Keywords: Affective computing, competition, physiological measurements, physiological linkage, pattern recognition, dynamic difficulty adaptation
1. Introduction
Competition and cooperation between multiple interacting humans are popular in many areas of human-machine interaction. Perhaps most famously, computer games tend to include a multiplayer mode that lets several players compete or cooperate with each other (Chanel, Kivikangas, & Ravaja, 2012). However, there are also many serious examples of competitive and cooperative human-machine interaction scenarios. For example, students can cooperate or compete in educational scenarios to learn different topics (N. Zhou et al., 2020), patients in technology-assisted language therapy can work with each other to relearn words (Grechuta et al., 2016), and stroke survivors in technology-assisted motor rehabilitation (Baur et al., 2018; Goršič, Cikajlo, & Novak, 2017) as well as overweight adults in technology-assisted weight loss programs (Esakia, McCrickard, Harden, Horning, & Ramalingam, 2020) can compete or cooperate with each other for increased motivation and exercise intensity. While such multi-user scenarios have many potential benefits, they also present new challenges. One challenge is that such scenarios often include two users with different skills and abilities – for example, a severely impaired patient working with a mildly impaired patient. In such cases, the task difficulty should be intelligently balanced so that both users remain engaged by the task, usefully contribute to it, and derive maximum benefit from it. But how can this adaptation be performed most effectively?

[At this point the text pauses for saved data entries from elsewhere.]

(* As $N\to\infty$, $$\min\Big\{\big\|\sqrt m-\sqrt n\big\| : 1\le m,n\le N,\ m\ne n,\ \sqrt m\notin\mathbb{Z},\ \sqrt n\notin\mathbb{Z}\Big\}\sim\frac{1}{2N^{3/2}}.$$
   Context: For $x\in\mathbb{R}$, $\|x\|=\min_{k\in\mathbb{Z}}|x-k|$ denotes the distance to the nearest integer. $f(N)\sim g(N)$ means $f(N)/g(N)\to1$. *)

theory Defs
  imports Complex_Main "HOL-Library.Landau_Symbols"
begin

definition dist_int :: "real \<Rightarrow> real" where
  "dist_int x = Inf (range (\<lambda>k::int. \<bar>x - of_int k\<bar>))"

definition min_gap :: "nat \<Rightarrow> real" where
  "min_gap N = Min {dist_int (sqrt (real m) - sqrt (real n)) | m n.
      1 \<le> m \<and> m \<le> N \<and> 1 \<le> n \<and> n \<le> N \<and> m \<noteq> n \<and>
      sqrt (real m) \<notin> \<int> \<and> sqrt (real n) \<notin> \<int>}"

end

theory Submission
  imports Defs "HOL-Real_Asymp.Real_Asymp"
begin

(* Lower bound: let n < m <= N with sqrt n irrational, k an integer and d = sqrt m - sqrt n - k.
   The norm of d in Q(sqrt m, sqrt n), i.e. the product of the four numbers sqrt m +- sqrt n +- k,
   equals (m - n - k^2)^2 - 4 k^2 n, a nonzero integer because n is not a square (and m <> n).
   If |d| < 1, the three other factors are bounded by 2 (sqrt m + |d|) and (sqrt m + |d|)^2,
   so 1 <= 2 |d| (sqrt N + 1)^3.

   Upper bound: for m = 4a^2 + 2 and n = a^2 + 1 the identity (2a^2 + 1)^2 - 4a^2 (a^2 + 1) = 1
   gives sqrt m - sqrt n - a = 1 / ((sqrt m + sqrt n + a) (2a^2 + 1 + 2a sqrt n)) <= 1 / (16 a^3),
   and 2a ~ sqrt N turns this into 1 / (2 N^(3/2)) asymptotically. *)

lemma dist_int_le: "dist_int x \<le> \<bar>x - of_int k\<bar>"
  unfolding dist_int_def by (rule cInf_lower) (auto intro: bdd_belowI[where m = 0])

lemma dist_int_greatest:
  assumes "\<And>k. g \<le> \<bar>x - of_int k\<bar>"
  shows "g \<le> dist_int x"
  unfolding dist_int_def by (rule cInf_greatest) (auto intro: assms)

lemma dist_int_uminus [simp]: "dist_int (- x) = dist_int x"
proof -
  have "dist_int x \<le> dist_int (- x)" for x
  proof (rule dist_int_greatest)
    fix k :: int
    have "\<bar>- x - of_int k\<bar> = \<bar>x - of_int (- k)\<bar>"
      by (simp add: abs_minus_commute)
    thus "dist_int x \<le> \<bar>- x - of_int k\<bar>"
      using dist_int_le[of x "- k"] by simp
  qed
  thus ?thesis
    by (metis antisym minus_minus)
qed

lemma sqrt_of_nat_in_Ints_if_square_multiple:
  fixes a c :: int and n :: nat
  assumes "c \<noteq> 0" and "a\<^sup>2 = c\<^sup>2 * int n"
  shows "sqrt (real n) \<in> \<int>"
proof -
  have "c\<^sup>2 dvd a\<^sup>2"
    unfolding assms(2) by (rule dvd_triv_left)
  hence "c dvd a"
    using pow_divides_pow_iff[of 2 c a] by (simp del: pow_divides_pow_iff)
  then obtain b where "a = c * b" ..
  with assms have "int n = b\<^sup>2"
    by (simp add: power_mult_distrib)
  hence "real n = (of_int \<bar>b\<bar>)\<^sup>2"
    by (metis of_int_eq_iff of_int_of_nat_eq of_int_power power2_abs)
  hence "sqrt (real n) = of_int \<bar>b\<bar>"
    by simp
  thus ?thesis by simp
qed

lemma sqrt_of_nat_notin_Ints_between_squares:
  fixes a n :: nat
  assumes "a\<^sup>2 < n" and "n < (a + 1)\<^sup>2"
  shows "sqrt (real n) \<notin> \<int>"
proof
  assume "sqrt (real n) \<in> \<int>"
  then obtain z where z: "sqrt (real n) = of_int z"
    by (elim Ints_cases)
  have "real (a\<^sup>2) < real n" and "real n < real ((a + 1)\<^sup>2)"
    using assms by (simp_all only: of_nat_less_iff)
  hence "(real a)\<^sup>2 < real n" and "real n < (real a + 1)\<^sup>2"
    by (simp_all add: add.commute)
  hence "real a < of_int z" and "of_int z < real a + 1"
    unfolding z[symmetric] by (auto intro: real_less_rsqrt real_less_lsqrt)
  hence "int a < z" and "z < int a + 1"
    by linarith+
  thus False by simp
qed

lemma sqrt_conjugates_product_ge_1:
  fixes m n :: nat and k :: int
  defines "s \<equiv> sqrt (real m)" and "t \<equiv> sqrt (real n)"
  assumes "m \<noteq> n" and "t \<notin> \<int>"
  shows "1 \<le> \<bar>(s - t - k) * (s + t + k) * ((s - t + k) * (s + t - k))\<bar>"
proof -
  define A where "A = int m - int n - k\<^sup>2"
  have "A\<^sup>2 \<noteq> (2 * k)\<^sup>2 * int n"
  proof
    assume A: "A\<^sup>2 = (2 * k)\<^sup>2 * int n"
    show False
    proof (cases "k = 0")
      case True
      with A assms(3) show False
        by (simp add: A_def)
    next
      case False
      with A assms(4) show False
        using sqrt_of_nat_in_Ints_if_square_multiple[of "2 * k" A n] by (simp add: t_def)
    qed
  qed
  hence "1 \<le> \<bar>A\<^sup>2 - (2 * k)\<^sup>2 * int n\<bar>"
    by linarith
  moreover have "(s - t - k) * (s + t + k) * ((s - t + k) * (s + t - k))
      = of_int (A\<^sup>2 - (2 * k)\<^sup>2 * int n)"
  proof -
    have "s\<^sup>2 = real m" and "t\<^sup>2 = real n"
      by (simp_all add: s_def t_def)
    hence "(s - t - k) * (s + t + k) = A - 2 * k * t" and "(s - t + k) * (s + t - k) = A + 2 * k * t"
      by (simp_all add: A_def algebra_simps power2_eq_square)
    thus ?thesis
      using \<open>t\<^sup>2 = real n\<close> by (simp add: algebra_simps power2_eq_square)
  qed
  ultimately show ?thesis
    by (metis of_int_1_le_iff of_int_abs)
qed

lemma abs_shifted_product_le_square:
  fixes s t d :: real
  assumes "0 \<le> t" and "t \<le> s"
  shows "\<bar>(2 * (s - t) - d) * (2 * t + d)\<bar> \<le> (s + \<bar>d\<bar>)\<^sup>2"
proof -
  have "\<bar>(2 * (s - t) - d) * (2 * t + d)\<bar> \<le> (2 * (s - t) + \<bar>d\<bar>) * (2 * t + \<bar>d\<bar>)"
    unfolding abs_mult using assms by (intro mult_mono) auto
  also have "\<dots> = (s + \<bar>d\<bar>)\<^sup>2 - (s - 2 * t)\<^sup>2"
    by (simp add: algebra_simps power2_eq_square)
  also have "\<dots> \<le> (s + \<bar>d\<bar>)\<^sup>2"
    by simp
  finally show ?thesis .
qed

lemma sqrt_diff_minus_int_lower_bound:
  fixes m n N :: nat and k :: int
  assumes "n < m" and "m \<le> N" and "sqrt (real n) \<notin> \<int>"
  shows "1 / (2 * (sqrt (real N) + 1) ^ 3) \<le> \<bar>sqrt (real m) - sqrt (real n) - k\<bar>"
proof -
  define s t d where "s = sqrt (real m)" and "t = sqrt (real n)" and "d = s - t - k"
  have "0 \<le> t" and "t \<le> s" and "s \<le> sqrt (real N)"
    using assms(1,2) by (simp_all add: s_def t_def)
  show ?thesis
  proof (cases "1 \<le> \<bar>d\<bar>")
    case True
    have "1 \<le> (sqrt (real N) + 1) ^ 3"
      by (simp add: one_le_power)
    hence "1 / (2 * (sqrt (real N) + 1) ^ 3) \<le> 1"
      by (subst divide_le_eq_1_pos) linarith+
    with True show ?thesis
      by (simp add: d_def s_def t_def)
  next
    case False
    have "1 \<le> \<bar>d\<bar> * \<bar>s + t + k\<bar> * \<bar>(s - t + k) * (s + t - k)\<bar>"
      using sqrt_conjugates_product_ge_1[of m n k] assms(1,3)
      by (simp add: s_def t_def d_def abs_mult)
    also have "\<dots> \<le> \<bar>d\<bar> * (2 * (s + \<bar>d\<bar>)) * (s + \<bar>d\<bar>)\<^sup>2"
    proof (intro mult_mono)
      show "\<bar>s + t + k\<bar> \<le> 2 * (s + \<bar>d\<bar>)"
        using \<open>0 \<le> t\<close> \<open>t \<le> s\<close> by (auto simp: d_def abs_le_iff abs_if)
      have "(s - t + k) * (s + t - k) = (2 * (s - t) - d) * (2 * t + d)"
        by (simp add: d_def algebra_simps)
      thus "\<bar>(s - t + k) * (s + t - k)\<bar> \<le> (s + \<bar>d\<bar>)\<^sup>2"
        using abs_shifted_product_le_square[OF \<open>0 \<le> t\<close> \<open>t \<le> s\<close>] by simp
    qed (use \<open>0 \<le> t\<close> \<open>t \<le> s\<close> in auto)
    also have "\<dots> = \<bar>d\<bar> * (2 * (s + \<bar>d\<bar>) ^ 3)"
      by (simp add: power2_eq_square power3_eq_cube)
    also have "\<dots> \<le> \<bar>d\<bar> * (2 * (sqrt (real N) + 1) ^ 3)"
      using False \<open>0 \<le> t\<close> \<open>t \<le> s\<close> \<open>s \<le> sqrt (real N)\<close>
      by (intro mult_left_mono power_mono) auto
    finally have "1 / (2 * (sqrt (real N) + 1) ^ 3) \<le> \<bar>d\<bar>"
      by (subst pos_divide_le_eq) (simp_all add: add_nonneg_pos)
    thus ?thesis
      by (simp add: d_def s_def t_def)
  qed
qed

lemma dist_int_sqrt_diff_lower_bound:
  fixes m n N :: nat
  assumes "m \<noteq> n" and "m \<le> N" and "n \<le> N"
    and "sqrt (real m) \<notin> \<int>" and "sqrt (real n) \<notin> \<int>"
  shows "1 / (2 * (sqrt (real N) + 1) ^ 3) \<le> dist_int (sqrt (real m) - sqrt (real n))"
proof (cases "n < m")
  case True
  with assms show ?thesis
    by (intro dist_int_greatest sqrt_diff_minus_int_lower_bound)
next
  case False
  with assms have "1 / (2 * (sqrt (real N) + 1) ^ 3) \<le> dist_int (sqrt (real n) - sqrt (real m))"
    by (intro dist_int_greatest sqrt_diff_minus_int_lower_bound) auto
  thus ?thesis
    using dist_int_uminus[of "sqrt (real n) - sqrt (real m)"] by simp
qed

lemma dist_int_sqrt_pair_le:
  fixes a :: nat
  assumes "1 \<le> a"
  shows "dist_int (sqrt (real (4 * a\<^sup>2 + 2)) - sqrt (real (a\<^sup>2 + 1))) \<le> 1 / (16 * real a ^ 3)"
proof -
  define p q where "p = sqrt (real (4 * a\<^sup>2 + 2))" and "q = sqrt (real (a\<^sup>2 + 1))"
  define D E where "D = p + q + a" and "E = 2 * a\<^sup>2 + 1 + 2 * a * q"
  have "p\<^sup>2 = 4 * a\<^sup>2 + 2" and "q\<^sup>2 = a\<^sup>2 + 1"
    by (simp_all add: p_def q_def)
  have "2 * a \<le> p" and "a \<le> q"
    by (simp_all add: p_def q_def real_le_rsqrt power_mult_distrib)
  have "(p - q - a) * D = 2 * a\<^sup>2 + 1 - 2 * a * q"
    using \<open>p\<^sup>2 = _\<close> \<open>q\<^sup>2 = _\<close> by (simp add: D_def algebra_simps power2_eq_square)
  moreover have "(2 * a\<^sup>2 + 1 - 2 * a * q) * E = 1"
  proof -
    have "(2 * a\<^sup>2 + 1 - 2 * a * q) * E = (2 * a\<^sup>2 + 1)\<^sup>2 - 4 * a\<^sup>2 * q\<^sup>2"
      by (simp add: E_def algebra_simps power2_eq_square)
    also have "\<dots> = 1"
      unfolding \<open>q\<^sup>2 = _\<close> by (simp add: algebra_simps power2_eq_square)
    finally show ?thesis .
  qed
  ultimately have "(p - q - a) * (D * E) = 1"
    by (metis mult.assoc)
  have "4 * a \<le> D" and "4 * a\<^sup>2 \<le> E"
    using \<open>2 * a \<le> p\<close> \<open>a \<le> q\<close> mult_left_mono[OF \<open>a \<le> q\<close>, of "2 * a"]
    by (simp_all add: D_def E_def power2_eq_square)
  hence "16 * real a ^ 3 \<le> D * E"
    using mult_mono[of "4 * real a" D "4 * a\<^sup>2" E] by (simp add: power2_eq_square power3_eq_cube)
  moreover have "0 < 16 * real a ^ 3"
    using assms by simp
  ultimately have "p - q - a = 1 / (D * E)"
    using \<open>(p - q - a) * (D * E) = 1\<close> by (auto simp: eq_divide_eq)
  with \<open>16 * real a ^ 3 \<le> D * E\<close> \<open>0 < 16 * real a ^ 3\<close>
  have "\<bar>p - q - of_int (int a)\<bar> \<le> 1 / (16 * real a ^ 3)"
    by (simp add: frac_le)
  thus ?thesis
    using dist_int_le[of "p - q" "int a"] by (simp add: p_def q_def)
qed

definition gap_pairs :: "nat \<Rightarrow> (nat \<times> nat) set" where
  "gap_pairs N = {(m, n). 1 \<le> m \<and> m \<le> N \<and> 1 \<le> n \<and> n \<le> N \<and> m \<noteq> n \<and>
      sqrt (real m) \<notin> \<int> \<and> sqrt (real n) \<notin> \<int>}"

lemma min_gap_eq_Min_gap_pairs:
  "min_gap N = Min ((\<lambda>(m, n). dist_int (sqrt (real m) - sqrt (real n))) ` gap_pairs N)"
  unfolding min_gap_def gap_pairs_def by (rule arg_cong[where f = Min]) auto

lemma finite_gap_pairs: "finite (gap_pairs N)"
  by (rule finite_subset[of _ "{1..N} \<times> {1..N}"]) (auto simp: gap_pairs_def)

lemma min_gap_le:
  assumes "(m, n) \<in> gap_pairs N"
  shows "min_gap N \<le> dist_int (sqrt (real m) - sqrt (real n))"
  unfolding min_gap_eq_Min_gap_pairs using assms finite_gap_pairs
  by (intro Min_le) auto

lemma min_gap_greatest:
  assumes "gap_pairs N \<noteq> {}"
    and "\<And>m n. (m, n) \<in> gap_pairs N \<Longrightarrow> g \<le> dist_int (sqrt (real m) - sqrt (real n))"
  shows "g \<le> min_gap N"
  unfolding min_gap_eq_Min_gap_pairs using assms finite_gap_pairs
  by (subst Min_ge_iff) auto

lemma min_gap_lower_bound:
  assumes "3 \<le> N"
  shows "1 / (2 * (sqrt (real N) + 1) ^ 3) \<le> min_gap N"
proof (rule min_gap_greatest)
  have "sqrt (real 2) \<notin> \<int>" and "sqrt (real 3) \<notin> \<int>"
    by (rule sqrt_of_nat_notin_Ints_between_squares[of 1]; simp add: power2_eq_square)+
  with assms show "gap_pairs N \<noteq> {}"
    unfolding gap_pairs_def by (intro ex_in_conv[THEN iffD1] exI[of _ "(3, 2)"]) simp
qed (auto simp: gap_pairs_def intro: dist_int_sqrt_diff_lower_bound)

lemma min_gap_le_sqrt_pair:
  fixes a N :: nat
  assumes "1 \<le> a" and "4 * a\<^sup>2 + 2 \<le> N"
  shows "min_gap N \<le> 1 / (16 * real a ^ 3)"
proof -
  have "sqrt (real (4 * a\<^sup>2 + 2)) \<notin> \<int>"
    using assms(1) by (intro sqrt_of_nat_notin_Ints_between_squares[of "2 * a"]) (auto simp: power2_eq_square)
  moreover have "sqrt (real (a\<^sup>2 + 1)) \<notin> \<int>"
    using assms(1) by (intro sqrt_of_nat_notin_Ints_between_squares[of a]) (auto simp: power2_eq_square)
  ultimately have "(4 * a\<^sup>2 + 2, a\<^sup>2 + 1) \<in> gap_pairs N"
    using assms by (auto simp: gap_pairs_def)
  thus ?thesis
    using min_gap_le dist_int_sqrt_pair_le[OF assms(1)] by (blast intro: order.trans)
qed

lemma min_gap_upper_bound:
  fixes N :: nat
  assumes "7 \<le> N"
  shows "min_gap N \<le> 1 / (2 * (sqrt (real N - 2) - 2) ^ 3)"
proof -
  define r where "r = sqrt (real N - 2)"
  define a where "a = nat \<lfloor>r / 2\<rfloor>"
  have "2 < r"
    using assms by (simp add: r_def real_less_rsqrt)
  hence "1 \<le> a" and "real a \<le> r / 2" and "r / 2 - 1 < real a"
    by (simp_all add: a_def le_nat_iff le_floor_iff) linarith+
  have "(2 * real a)\<^sup>2 \<le> r\<^sup>2"
    using \<open>real a \<le> r / 2\<close> by (intro power_mono) simp_all
  hence "real (4 * a\<^sup>2 + 2) \<le> real N"
    using assms by (simp add: r_def power_mult_distrib)
  hence "4 * a\<^sup>2 + 2 \<le> N"
    by (simp only: of_nat_le_iff)
  have "(r - 2) ^ 3 \<le> (2 * real a) ^ 3"
    using \<open>2 < r\<close> \<open>r / 2 - 1 < real a\<close> by (intro power_mono) simp_all
  hence "2 * (r - 2) ^ 3 \<le> 16 * real a ^ 3"
    by (simp add: power_mult_distrib)
  hence "1 / (16 * real a ^ 3) \<le> 1 / (2 * (r - 2) ^ 3)"
    using \<open>2 < r\<close> \<open>1 \<le> a\<close> by (intro divide_left_mono) simp_all
  thus ?thesis
    using min_gap_le_sqrt_pair[OF \<open>1 \<le> a\<close> \<open>4 * a\<^sup>2 + 2 \<le> N\<close>] by (simp add: r_def)
qed

theorem theorem7:
  shows "min_gap \<sim>[at_top] (\<lambda>N. 1 / (2 * real N powr (3/2)))"
proof (rule asymp_equiv_sandwich_real)
  show "(\<lambda>N. 1 / (2 * (sqrt (real N) + 1) ^ 3)) \<sim>[at_top] (\<lambda>N. 1 / (2 * real N powr (3/2)))"
    by real_asymp
  show "(\<lambda>N. 1 / (2 * (sqrt (real N - 2) - 2) ^ 3)) \<sim>[at_top] (\<lambda>N. 1 / (2 * real N powr (3/2)))"
    by real_asymp
  show "\<forall>\<^sub>F N in at_top. min_gap N \<in> {1 / (2 * (sqrt (real N) + 1) ^ 3) ..
      1 / (2 * (sqrt (real N - 2) - 2) ^ 3)}"
    using eventually_ge_at_top[of 7]
    by eventually_elim (simp add: min_gap_lower_bound min_gap_upper_bound)
qed

end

In single-user scenarios, difficulty adaptation is usually performed based on either task performance or physiological responses. Performance is a task-specific concept – for example, the score in a computer game or the number of successfully completed actions in a rehabilitation exercise. It can be easily measured and can serve as the basis for simple, intuitive adaptation rules (e.g., if score is high, make the game harder). However, although performance is a good indicator of a person’s capabilities, it does not provide precise information regarding their internal, subjective state. For example, a person can exhibit acceptable performance but at the cost of high workload that may lead to stress and fatigue (Watson, Ntuen, & Park, 1996). Therefore, many studies have instead focused on physiological measurements such as the electrocardiogram (ECG), respiration and skin conductance, which provide an estimate of the person’s cognitive and affective (emotional) state, allowing difficulty to be adapted in a more personalized manner (e.g., if player workload is high, reduce game difficulty) (Novak, Mihelj, & Munih, 2012). Assessment of a user’s cognitive and affective states from physiological responses and scenario adaptation in response to these user states falls under the field of affective computing (Picard, Vyzas, & Healey, 2001) and is used for diverse purposes such as attention and workload recognition in drivers (Fan, Wade, Key, Warren, & Sarkar, 2018), computer game difficulty adaptation (C. Liu, Agrawal, Sarkar, & Chen, 2009), and adaptive automation in flight (Wilson & Russell, 2007). Studies of single-user scenarios have shown that physiology-based adaptation often outperforms performance-based adaptation (Bian et al., 2019; C. Liu et al., 2009; Xu et al., 2018); thus, physiology-based adaptation might also be promising for multi-user scenarios.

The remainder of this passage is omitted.